Hardwarehouse was a home improvement chain in Australia. The chain was an offshoot of BBC Hardware, which was owned by Burns Philp and then Howard Smith Limited, and had stores in Australia and New Zealand. It was established by BBC Hardware as a way to implement and develop the adopted hardware warehouse concept which was based on overseas chains B&Q and Home Depot. 

Before Hardwarehouse was absorbed into Bunnings Warehouse in 2001, it was the largest corporately owned home improvement retailer in Australia and New Zealand with 62 stores and over 5,000 employees, as it traded under the BBC Hardware name.

History 
The first store was opened in the Sydney suburb of Bankstown on 3 October 1992. Despite the store having a larger selling space than the ones that opened later, it proved that the introduction of this concept was successful. BBC Hardware continued market testing to further develop the concept and help it gain traction in the retail hardware market. Another store was opened at Rockdale in 1993, and two more at Thornleigh and Caringbah in 1994, to reflect the continuous market testing.

In July 1994, Howard Smith Limited bought BBC Hardware from Burns Philp and the chain was rebranded as Hardwarehouse. Subsequently, the chain expanded by opening new stores in Melbourne, Perth and Queensland. This followed with the chain's expansion into New Zealand. Since 1994, Hardwarehouse opened up to 14 stores a year. By 2001, the chain had 59 stores in Australia and 3 stores in New Zealand.

Locations 
There were a total of 62 Hardwarehouse stores that operated across Australia and New Zealand. In Australia, there was two stores in the Australian Capital Territory, 29 stores in New South Wales (NSW), 14 in Queensland, two in Tasmania, eight in Victoria and five in Western Australia.
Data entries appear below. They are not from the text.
(* Let $\mathcal{X}\times\mathcal{Y}$ be a sample space, $\mathcal{H}$ a set of hypotheses $h:\mathcal{X}\to\mathcal{Y}$, $n\in\mathbb{N}$, and let $\mathcal{A}$ be a (possibly randomized) learning algorithm, i.e. a Markov kernel $\mathcal{P}_{H|S}$ from $(\mathcal{X}\times\mathcal{Y})^n$ to $\mathcal{H}$. Let $S\sim\mathcal{P}^n$ for some distribution $\mathcal{P}$ on $\mathcal{X}\times\mathcal{Y}$, let $H=\mathcal{A}(S)$, and assume the joint law $\mathcal{P}_{SH}$ satisfies $\mathcal{P}_{SH}\ll\mathcal{P}_S\mathcal{P}_H$. Let $\ell$ be the $0$-$1$ loss. Given $\eta\in(0,1)$, let $E=\{(s,h):|L_{\mathcal{P}}(h)-L_s(h)|>\eta\}$. Then for every $\alpha>1$, $$\mathbb{P}((S,\mathcal{A}(S))\in E)\le\exp\left(\frac{\alpha-1}{\alpha}\left(I_\alpha(S;\mathcal{A}(S))+\log 2-2n\eta^2\right)\right).$$
   Context: The $0$-$1$ loss is $\ell(h,(x,y))=\mathbb{1}_{h(x)\neq y}$. The population risk is $L_{\mathcal{P}}(h)=\mathbb{E}_{(x,y)\sim\mathcal{P}}[\ell(h,(x,y))]=\mathcal{P}(\{(x,y):h(x)\ne y\})$, and for $s=((x_1,y_1),\dots,(x_n,y_n))$ the empirical risk is $L_s(h)=\frac1n\sum_{i=1}^n\ell(h,(x_i,y_i))$. Sibson's $\alpha$-mutual information is $I_\alpha(S;H)=\min_{Q_H}D_\alpha(\mathcal{P}_{SH}\|\mathcal{P}_SQ_H)$, where $D_\alpha(\mathcal{P}\|\mathcal{Q})=\frac{1}{\alpha-1}\ln\int p^\alpha q^{1-\alpha}d\mu$ is the Rényi divergence. Logarithms are natural. Measurability of all relevant sets and maps is assumed. *)

theory Defs
  imports "HOL-Probability.Probability"
begin

definition pop_risk :: "('x \<times> 'y) measure \<Rightarrow> ('x \<Rightarrow> 'y) \<Rightarrow> real" where
  "pop_risk P h = measure P {z \<in> space P. h (fst z) \<noteq> snd z}"

definition emp_risk :: "nat \<Rightarrow> (nat \<Rightarrow> 'x \<times> 'y) \<Rightarrow> ('x \<Rightarrow> 'y) \<Rightarrow> real" where
  "emp_risk n s h = (\<Sum>i<n. (if h (fst (s i)) \<noteq> snd (s i) then 1 else 0)) / real n"

text \<open>Renyi divergence of order alpha > 1, D_alpha(M || N):
  (1/(alpha-1)) ln of the integral of (dM/dN)^alpha dN if M is absolutely continuous
  w.r.t. N, and +infinity otherwise (this agrees with the formula
  (1/(alpha-1)) ln of the integral of p^alpha q^(1-alpha) for alpha > 1).\<close>
definition renyi_div :: "real \<Rightarrow> 'a measure \<Rightarrow> 'a measure \<Rightarrow> ereal" where
  "renyi_div \<alpha> M N =
     (if absolutely_continuous N M then
        (let J = (\<integral>\<^sup>+ x. ennreal (enn2real (RN_deriv N M x) powr \<alpha>) \<partial>N)
         in if J = \<infinity> then \<infinity> else ereal (ln (enn2real J) / (\<alpha> - 1)))
      else \<infinity>)"

definition sibson_mi :: "real \<Rightarrow> 's measure \<Rightarrow> 'h measure \<Rightarrow> ('s \<times> 'h) measure \<Rightarrow> ereal" where
  "sibson_mi \<alpha> PS Hm PSH =
     (INF Q \<in> {Q. prob_space Q \<and> sets Q = sets Hm}. renyi_div \<alpha> PSH (PS \<Otimes>\<^sub>M Q))"

end

theory Submission
  imports Defs
begin

text \<open>
  For a fixed hypothesis h the section of E at h is a two-sided Hoeffding deviation event for the
  n i.i.d. losses, so (P_S \<times> Q_H)(E) \<le> 2 exp(-2 n \<eta>^2) for every probability measure Q_H.
  Hoelder's inequality (via Young's inequality) moves this bound to the joint law:
  P_SH(E) \<le> J^(1/\<alpha>) (P_S \<times> Q_H)(E)^((\<alpha>-1)/\<alpha>), where
  J = \<integral> (dP_SH / d(P_S \<times> Q_H))^\<alpha> = exp((\<alpha>-1) D_\<alpha>(P_SH \<parallel> P_S \<times> Q_H)).
  Taking logarithms and the infimum over Q_H turns this into the bound via I_\<alpha>(S;H).
\<close>

lemma Youngs_inequality_scaled:
  fixes p q a b A B :: real
  assumes "1 < p" "1 < q" "1/p + 1/q = 1" "0 \<le> a" "0 \<le> b" "0 < A" "0 < B"
  shows "a * b \<le> A * B * ((a / A) powr p / p + (b / B) powr q / q)"
proof -
  have "(a / A) * (b / B) \<le> (a / A) powr p / p + (b / B) powr q / q"
    by (rule Youngs_inequality) (use assms in auto)
  then have "A * B * ((a / A) * (b / B)) \<le> A * B * ((a / A) powr p / p + (b / B) powr q / q)"
    using assms by (intro mult_left_mono) auto
  then show ?thesis
    using assms by (simp add: field_simps)
qed

lemma Youngs_inequality_indicator:
  fixes \<alpha> J \<nu> t :: real
  assumes \<alpha>: "1 < \<alpha>" and "0 < J" "0 < \<nu>" "0 \<le> t"
  defines "C \<equiv> J powr (1/\<alpha>) * \<nu> powr ((\<alpha> - 1)/\<alpha>)"
  shows "t * indicator E x \<le> C / (\<alpha> * J) * t powr \<alpha> + C * (\<alpha> - 1) / (\<alpha> * \<nu>) * indicator E x"
proof -
  define q where "q = \<alpha> / (\<alpha> - 1)"
  have q: "1 < q" "1/\<alpha> + 1/q = 1"
    using \<alpha> by (auto simp: q_def field_simps)
  have "t * indicator E x \<le> J powr (1/\<alpha>) * \<nu> powr (1/q)
          * ((t / J powr (1/\<alpha>)) powr \<alpha> / \<alpha> + (indicator E x / \<nu> powr (1/q)) powr q / q)"
    by (rule Youngs_inequality_scaled) (use assms q in auto)
  also have "(t / J powr (1/\<alpha>)) powr \<alpha> = t powr \<alpha> / J"
    using assms by (simp add: powr_divide powr_powr)
  also have "(indicator E x / \<nu> powr (1/q)) powr q = indicator E x / \<nu>"
    using assms q by (simp add: powr_divide powr_powr indicator_def)
  finally show ?thesis
    using \<alpha> by (simp add: C_def q_def field_simps)
qed

lemma measure_le_RN_deriv_powr_integral_pos:
  fixes M N :: "'a measure" and \<alpha> Jr :: real
  assumes "finite_measure N" "finite_measure M"
    and ac: "absolutely_continuous N M" and sets_eq: "sets M = sets N"
    and \<alpha>: "1 < \<alpha>" and E: "E \<in> sets N"
    and J: "(\<integral>\<^sup>+ x. ennreal (enn2real (RN_deriv N M x) powr \<alpha>) \<partial>N) = ennreal Jr"
    and Jr: "0 < Jr" and \<nu>: "0 < measure N E"
  shows "measure M E \<le> Jr powr (1/\<alpha>) * measure N E powr ((\<alpha> - 1)/\<alpha>)"
proof -
  interpret N: finite_measure N by fact
  interpret M: finite_measure M by fact
  define f where "f = RN_deriv N M"
  define \<nu> where "\<nu> = measure N E"
  define C where "C = Jr powr (1/\<alpha>) * \<nu> powr ((\<alpha> - 1)/\<alpha>)"
  define c\<^sub>1 c\<^sub>2 where "c\<^sub>1 = C / (\<alpha> * Jr)" and "c\<^sub>2 = C * (\<alpha> - 1) / (\<alpha> * \<nu>)"
  have c: "0 \<le> c\<^sub>1" "0 \<le> c\<^sub>2"
    using \<alpha> Jr \<nu> by (auto simp: c\<^sub>1_def c\<^sub>2_def C_def \<nu>_def)
  have [measurable]: "f \<in> borel_measurable N"
    by (simp add: f_def)
  have "emeasure M E = (\<integral>\<^sup>+ x. f x * indicator E x \<partial>N)"
    using E unfolding f_def
    by (subst N.density_RN_deriv[OF ac sets_eq, symmetric]) (simp add: emeasure_density)
  also have "\<dots> \<le> (\<integral>\<^sup>+ x. ennreal c\<^sub>1 * ennreal (enn2real (f x) powr \<alpha>)
                          + ennreal c\<^sub>2 * indicator E x \<partial>N)"
  proof (rule nn_integral_mono_AE)
    have "AE x in N. f x \<noteq> \<infinity>"
      unfolding f_def
      by (rule N.RN_deriv_finite[OF _ ac sets_eq]) (simp add: M.sigma_finite_measure_axioms)
    then show "AE x in N. f x * indicator E x
                 \<le> ennreal c\<^sub>1 * ennreal (enn2real (f x) powr \<alpha>) + ennreal c\<^sub>2 * indicator E x"
    proof eventually_elim
      case (elim x)
      then have "f x * indicator E x = ennreal (enn2real (f x) * indicator E x)"
        by (simp add: ennreal_enn2real_if indicator_def)
      also have "\<dots> \<le> ennreal (c\<^sub>1 * enn2real (f x) powr \<alpha> + c\<^sub>2 * indicator E x)"
        using Youngs_inequality_indicator[OF \<alpha> Jr \<nu>[folded \<nu>_def], of "enn2real (f x)" E x]
        by (intro ennreal_leI) (simp add: c\<^sub>1_def c\<^sub>2_def C_def)
      also have "\<dots> = ennreal c\<^sub>1 * ennreal (enn2real (f x) powr \<alpha>) + ennreal c\<^sub>2 * indicator E x"
        using c by (simp add: ennreal_plus ennreal_mult split: split_indicator)
      finally show ?case .
    qed
  qed
  also have "\<dots> = ennreal c\<^sub>1 * ennreal Jr + ennreal c\<^sub>2 * ennreal \<nu>"
    using E J by (simp add: nn_integral_add nn_integral_cmult f_def \<nu>_def N.emeasure_eq_measure)
  also have "\<dots> = ennreal (c\<^sub>1 * Jr + c\<^sub>2 * \<nu>)"
    using c Jr \<nu> by (simp add: \<nu>_def ennreal_plus ennreal_mult)
  also have "c\<^sub>1 * Jr + c\<^sub>2 * \<nu> = C"
    using Jr \<nu> \<alpha> unfolding \<nu>_def[symmetric] by (simp add: c\<^sub>1_def c\<^sub>2_def field_simps)
  finally show ?thesis
    using Jr \<nu> by (simp add: M.emeasure_eq_measure C_def \<nu>_def)
qed

lemma emeasure_eq_0_if_RN_deriv_powr_integral_eq_0:
  assumes "finite_measure N" "sigma_finite_measure M"
    and ac: "absolutely_continuous N M" and sets_eq: "sets M = sets N"
    and J: "(\<integral>\<^sup>+ x. ennreal (enn2real (RN_deriv N M x) powr \<alpha>) \<partial>N) = 0"
    and A: "A \<in> sets M"
  shows "emeasure M A = 0"
proof -
  interpret N: finite_measure N by fact
  have "AE x in N. ennreal (enn2real (RN_deriv N M x) powr \<alpha>) = 0"
    using J by (subst (asm) nn_integral_0_iff_AE) auto
  moreover have "AE x in N. RN_deriv N M x \<noteq> \<infinity>"
    by (rule N.RN_deriv_finite) (use assms in auto)
  ultimately have "AE x in N. RN_deriv N M x * indicator A x = 0"
    by eventually_elim (auto simp: enn2real_eq_0_iff)
  then have "(\<integral>\<^sup>+ x. RN_deriv N M x * indicator A x \<partial>N) = 0"
    using A sets_eq by (subst nn_integral_0_iff_AE) auto
  moreover have "emeasure M A = (\<integral>\<^sup>+ x. RN_deriv N M x * indicator A x \<partial>N)"
    using A sets_eq
    by (subst N.density_RN_deriv[OF ac sets_eq, symmetric]) (simp add: emeasure_density)
  ultimately show ?thesis
    by simp
qed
In New Zealand, Hardwarehouse operated primarily in Auckland, with three stores across the region.

Australia 
ACT: Fyshwick, Phillip.

NSW: Artarmon, Ashfield, Bankstown, Bella Vista, Belrose, Blacktown, Bonnyrigg, Campbelltown, Caringbah, Coffs Harbour, Crossroads, Glendale, Kotara, Lidcombe, Lismore, Mascot, Minchinbury, North Parramatta, Penrith, Rockdale, Shellharbour, Tamworth, Thornleigh, Tuggerah, Tweed Heads, Wagga Wagga, West Gosford, Wallsend, Wollongong and Villawood.

Qld: Booval, Burleigh Heads, Cairns, Capalaba, Caboolture, Everton Park, Harbour Town, Maroochydore, Mt Gravatt, Oxley, Rockhampton, Toowoomba South, Townsville and Underwood.

Tas: Kings Meadows and Moonah.

Vic: Bayswater, Doveton, Maribyrnong, Moorabbin, Notting Hill, Nunawading, Thomastown and Wendouree.

WA: Cannington, Innaloo, Morley, O'Connor and Whitfords.

New Zealand 
Auckland: Burswood, Manukau and Rosedale.

Acquisition 

On 13 June 2001, Howard Smith Limited, owner of BBC Hardware and Hardwarehouse, was bought by Wesfarmers. The chain began its transition with the stores trading as Bunnings Warehouse in Australia and New Zealand by the end of 2001. During the transition period, 3 of the acquired Hardwarehouse stores in Australia were closed, as the rest of the stores were reformatted by late 2004.

A number of former Bunnings Warehouse stores that were converted Hardwarehouse stores were converted into retail bulky goods stores, or repurposed for other uses. A few other stores were demolished and rebuilt for larger Bunnings Warehouse stores.